Il programma Italia è partito nel 2006 a Palermo, lì c’è stata una bella volontà e sinergia per cui Gino Strada (fondatore di Emergency, ndr) stava incominciando a vedere che comunque in Italia alcuni diritti sull’accessibilità, le cure sanitarie, venivano disattesi, e chiaramente – la sua lungimiranza è difficilmente eguagliabile ad oggi – e ha deciso di iniziare questa avventura in Italia.

In cosa consistono queste strutture?
Sono degli ambulatori di medicina primaria, di medicina di base, un po’ come l’ambulatorio del nostro medico di famiglia, per capirci, aggiungendo però delle figure centrali, che sono i mediatori culturali. Ormai siamo, per fortuna, una società multietnica e quindi con questi mediatori, dello staff sanitario, medici, infermieri, psicologi, si sta cercando, e si è incominciato a cercare allora, di orientare, di curare chi veniva a chiedere chiunque questi fosse. Noi abbiamo il dovere di ascoltarlo, curarlo e poi indirizzarlo alle strutture del Sistema sanitario nazionale.

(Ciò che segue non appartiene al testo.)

text \<open>Inside the cyclic group \<open>C\<close> of dominators of \<open>x\<close>, the twin class of \<open>x\<close> is what remains
  of \<open>C\<close> after removing the proper dominator subgroups, and these correspond to those of
  \<open>f x\<close>.\<close>

lemma card_twins_p_elements_eq:
  assumes x: "x \<in> carrier G"
  shows "card ({y \<in> carrier G. epg_dominators G y = epg_dominators G x} \<inter> p_elements G p) =
         card ({y \<in> carrier H. epg_dominators H y = epg_dominators H (f x)} \<inter> p_elements H p)"
proof -
  have fx: "f x \<in> carrier H" using f_closed[OF x] .
  define C where "C = epg_dominators G x"
  define C' where "C' = epg_dominators H (f x)"
  define \<D> where "\<D> = {epg_dominators G z | z. z \<in> carrier G \<and> epg_dominators G z \<subset> C}"
  define \<D>' where "\<D>' = {epg_dominators H z | z. z \<in> carrier H \<and> epg_dominators H z \<subset> C'}"
  have CG: "C \<subseteq> carrier G" unfolding C_def by (rule epg_dominators_subset)
  obtain \<psi> where \<psi>: "bij_betw \<psi> C C'"
    and pow: "\<And>y m. y \<in> C \<Longrightarrow> \<psi> y [^]\<^bsub>H\<^esub> (m::nat) = \<one>\<^bsub>H\<^esub> \<longleftrightarrow> y [^]\<^bsub>G\<^esub> m = \<one>\<^bsub>G\<^esub>"
    and \<psi>_dom: "\<And>z. z \<in> carrier G \<Longrightarrow> epg_dominators G z \<subseteq> C \<Longrightarrow>
      \<psi> ` epg_dominators G z = f ` epg_dominators G z"
    using order_preserving_bij_epg_dominators[OF x] unfolding C_def C'_def by blast
  have "\<D>' = (\<lambda>D. f ` D) ` \<D>"
    unfolding \<D>_def \<D>'_def C_def C'_def using image_proper_epg_dominators[OF x] by simp
  also have "\<dots> = (\<lambda>D. \<psi> ` D) ` \<D>"
  proof (rule image_cong[OF refl])
    fix D assume "D \<in> \<D>"
    then obtain z where "z \<in> carrier G" "D = epg_dominators G z" "epg_dominators G z \<subset> C"
      unfolding \<D>_def by blast
    thus "f ` D = \<psi> ` D" using \<psi>_dom[of z] by simp
  qed
  finally have \<D>': "\<D>' = (\<lambda>D. \<psi> ` D) ` \<D>" .
  have pel: "\<psi> y \<in> p_elements H p \<longleftrightarrow> y \<in> p_elements G p" if y: "y \<in> C" for y
  proof -
    have "\<psi> y \<in> carrier H"
      using bij_betwE[OF \<psi>] y epg_dominators_subset[of H "f x"] unfolding C'_def by blast
    moreover have "y \<in> carrier G" using y CG by blast
    ultimately show ?thesis unfolding p_elements_def by (simp add: pow[OF y])
  qed
  define T where "T = {y \<in> carrier G. epg_dominators G y = epg_dominators G x}"
  define T' where "T' = {y \<in> carrier H. epg_dominators H y = epg_dominators H (f x)}"
  have "T = C - \<Union>\<D>"
    unfolding T_def C_def \<D>_def by (rule epg_twins_eq[OF x])
  hence "T \<inter> p_elements G p = {y \<in> C. y \<notin> \<Union>\<D> \<and> y \<in> p_elements G p}" by auto
  moreover have "T' = C' - \<Union>\<D>'"
    unfolding T'_def C'_def \<D>'_def by (rule epg_twins_eq[OF fx])
  hence "T' \<inter> p_elements H p = {y \<in> C'. y \<notin> \<Union>\<D>' \<and> y \<in> p_elements H p}" by auto
  moreover have "card {y \<in> C. y \<notin> \<Union>\<D> \<and> y \<in> p_elements G p} =
      card {y \<in> C'. y \<notin> \<Union>\<D>' \<and> y \<in> p_elements H p}"
  proof (rule card_bij_betw_Diff_Union[OF \<psi> _ \<D>'])
    show "D \<subseteq> C" if "D \<in> \<D>" for D using that unfolding \<D>_def by blast
  qed (rule pel)
  ultimately show ?thesis unfolding T_def T'_def by simp
qed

Oggi, gli ambulatori fissi di Emergency sono a Marghera, Castel Volturno (CE), Napoli, Sassari, Vittoria nel ragusano e Polistena (RC). Gli ambulatori mobili, che ogni giorno della settimana raggiungono zone marginali, sono a Milano, Rosarno, e Marina di Acate (RG) e Santa Croce Camerina (RG). A Brescia e Milano sono presenti anche sportelli di orientamento socio-sanitario.

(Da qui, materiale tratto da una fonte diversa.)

(* Let $N\ge1$, $1<p<\infty$, $m>p'$ and $\chi,M>0$. The functional $\mathcal F_0$ has a unique radially symmetric nonincreasing minimizer over $\mathcal Y_M$, namely $$\rho_0=\Big(\frac{\chi}{p}\Big)^{\frac1{m-p'}}1_{B_{R_0}},\qquad R_0=\Big(\frac{M}{\omega_N}\Big(\frac p\chi\Big)^{\frac1{m-p'}}\Big)^{1/N}.$$
   Context: Notation. $\omega_N$ is the volume of the unit ball, $B_R$ is the ball of radius $R$ centered at the origin, and $p'=p/(p-1)$. Admissible class. $\mathcal Y_M=\{\rho\in L^1_+\cap L^m(\mathbb R^N):\ \int\rho=M,\ \int x\rho=0\}$. Limit functional. $\displaystyle\mathcal F_0(\rho)=\frac1{m-1}\int\rho^m-\frac{\chi}{p'}\int\rho^{p'}$. *)

theory Defs
  imports "HOL-Analysis.Analysis"
begin

definition conj_exp :: "real \<Rightarrow> real" where
  "conj_exp p = p / (p - 1)"

definition omega :: "'n::euclidean_space itself \<Rightarrow> real" where
  "omega _ = measure lborel (ball (0::'n) 1)"

definition Y_adm :: "real \<Rightarrow> real \<Rightarrow> ('n::euclidean_space \<Rightarrow> real) set" where
  "Y_adm m M = {\<rho>. \<rho> \<in> borel_measurable lborel
      \<and> (\<forall>x. 0 \<le> \<rho> x)
      \<and> integrable lborel \<rho>
      \<and> integrable lborel (\<lambda>x. \<rho> x powr m)
      \<and> (\<integral>x. \<rho> x \<partial>lborel) = M
      \<and> integrable lborel (\<lambda>x. \<rho> x *\<^sub>R x)
      \<and> (\<integral>x. \<rho> x *\<^sub>R x \<partial>lborel) = 0}"

definition F0 :: "real \<Rightarrow> real \<Rightarrow> real \<Rightarrow> ('n::euclidean_space \<Rightarrow> real) \<Rightarrow> real" where
  "F0 m p chi \<rho> = 1 / (m - 1) * (\<integral>x. \<rho> x powr m \<partial>lborel)
      - chi / conj_exp p * (\<integral>x. \<rho> x powr conj_exp p \<partial>lborel)"

definition radial_nonincr :: "('n::euclidean_space \<Rightarrow> real) \<Rightarrow> bool" where
  "radial_nonincr \<rho> \<longleftrightarrow> (\<exists>f::real \<Rightarrow> real.
      (\<forall>x. \<rho> x = f (norm x)) \<and> (\<forall>s t. 0 \<le> s \<longrightarrow> s \<le> t \<longrightarrow> f t \<le> f s))"

definition is_minimizer :: "real \<Rightarrow> real \<Rightarrow> real \<Rightarrow> real \<Rightarrow> ('n::euclidean_space \<Rightarrow> real) \<Rightarrow> bool" where
  "is_minimizer m p chi M \<rho> \<longleftrightarrow> \<rho> \<in> Y_adm m M \<and> (\<forall>\<sigma>::'n \<Rightarrow> real. \<sigma> \<in> Y_adm m M \<longrightarrow> F0 m p chi \<rho> \<le> F0 m p chi \<sigma>)"

end

theory Submission
  imports Defs
begin

(*
  Let s > 0 with s^(m - p') = chi/p, and let phi(t) = t^m/(m - 1) - (chi/p') t^p' be the integrand
  of F_0. The quotient phi(t)/t decreases on (0, s] and increases on [s, oo), so phi(t) >= c t for
  t >= 0 with c = phi(s)/s, and equality holds only for t = 0 and t = s. Integrating against
  the fixed mass M gives F_0 >= c M. Equality holds exactly for densities that take only the
  values 0 and s. A radially nonincreasing density of this kind either vanishes somewhere in
  B_R0, and then lies below the plateau s 1_{B_R0} almost everywhere, or it does not, and then it
  lies above it. Both have mass M, so they agree almost everywhere.
*)

definition potential :: "real \<Rightarrow> real \<Rightarrow> real \<Rightarrow> real \<Rightarrow> real" where
  "potential m a chi t = 1 / (m - 1) * t powr m - chi / a * t powr a"

lemma potential_zero [simp]: "potential m a chi 0 = 0"
  by (simp add: potential_def)

lemma potential_div_strict_min:
  fixes a m chi s t :: real
  assumes a: "1 < a" "a < m" and s: "0 < s" "s powr (m - a) = chi * (a - 1) / a"
    and t: "0 < t" "t \<noteq> s"
  shows "potential m a chi s / s < potential m a chi t / t"
proof -
  define h where "h x = x powr (m - 1) / (m - 1) - chi / a * x powr (a - 1)" for x
  have h_eq: "potential m a chi x / x = h x" if "0 < x" for x
    using that by (simp add: potential_def h_def powr_diff field_simps)
  have h_deriv: "DERIV h x :> x powr (a - 2) * (x powr (m - a) - s powr (m - a))" if "0 < x" for x
  proof -
    have "DERIV h x :>
        (m - 1) * x powr (m - 1 - 1) / (m - 1) - chi / a * ((a - 1) * x powr (a - 1 - 1))"
      unfolding h_def using that a by (intro derivative_eq_intros refl) auto
    moreover have "x powr (m - 2) = x powr (a - 2) * x powr (m - a)"
      using that by (simp add: powr_add[symmetric])
    then have "(m - 1) * x powr (m - 1 - 1) / (m - 1) - chi / a * ((a - 1) * x powr (a - 1 - 1))
        = x powr (a - 2) * (x powr (m - a) - s powr (m - a))"
      using a unfolding s(2) by (simp add: field_simps)
    ultimately show ?thesis
      by simp
  qed
  have h_cont: "continuous_on {u..v} h" if "0 < u" for u v
    using that a unfolding h_def by (intro continuous_intros) auto
  have "h s < h t"
  proof (cases "s < t")
    case True
    show ?thesis
    proof (rule DERIV_pos_imp_increasing_open[OF True _ h_cont[OF s(1)]])
      fix x assume x: "s < x" "x < t"
      then have "s powr (m - a) < x powr (m - a)"
        using s(1) a by (intro powr_less_mono2) auto
      then show "\<exists>y. DERIV h x :> y \<and> 0 < y"
        using h_deriv[of x] x s(1) by auto
    qed
  next
    case False
    with t(2) have "t < s" by simp
    show ?thesis
    proof (rule DERIV_neg_imp_decreasing_open[OF \<open>t < s\<close> _ h_cont[OF t(1)]])
      fix x assume x: "t < x" "x < s"
      then have "x powr (m - a) < s powr (m - a)"
        using t(1) a by (intro powr_less_mono2) auto
      then show "\<exists>y. DERIV h x :> y \<and> y < 0"
        using h_deriv[of x] x t(1) by (auto intro!: mult_pos_neg)
    qed
  qed
  then show ?thesis
    using h_eq s(1) t(1) by simp
qed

A un certo punto del nostro percorso abbiamo deciso di occuparci di alcuni aspetti di questa fragilità che sono le periferie delle città importanti o particolari, per esempio Castelvolturno, che sono degli hub di ritorno delle popolazioni da una stagione all’altra del raccolto. L’utilizzo di una clinica mobile permette di avere un calendario settimanale fisso che abbraccia più punti della periferia, e quindi riusciamo ad avere un areale sanitario di gestione più vasto.
La sanità che va verso il paziente.
A Milano, per esempio, c’è sicuramente una rete di trasporti importante, ma le fragilità che poi incontriamo spesso in questi luoghi poi portano ad avere anche problemi per spostarsi, per andare a fare le visite di secondo livello. Va spiegato un po’ il percorso, che mezzi prendere, c’è tutta una cura dell’orientamento e quindi grazie a queste cliniche mobili riusciamo a essere il lunedì nella zona A, il martedì nella zona B e il mercoledì nella zona C e così via.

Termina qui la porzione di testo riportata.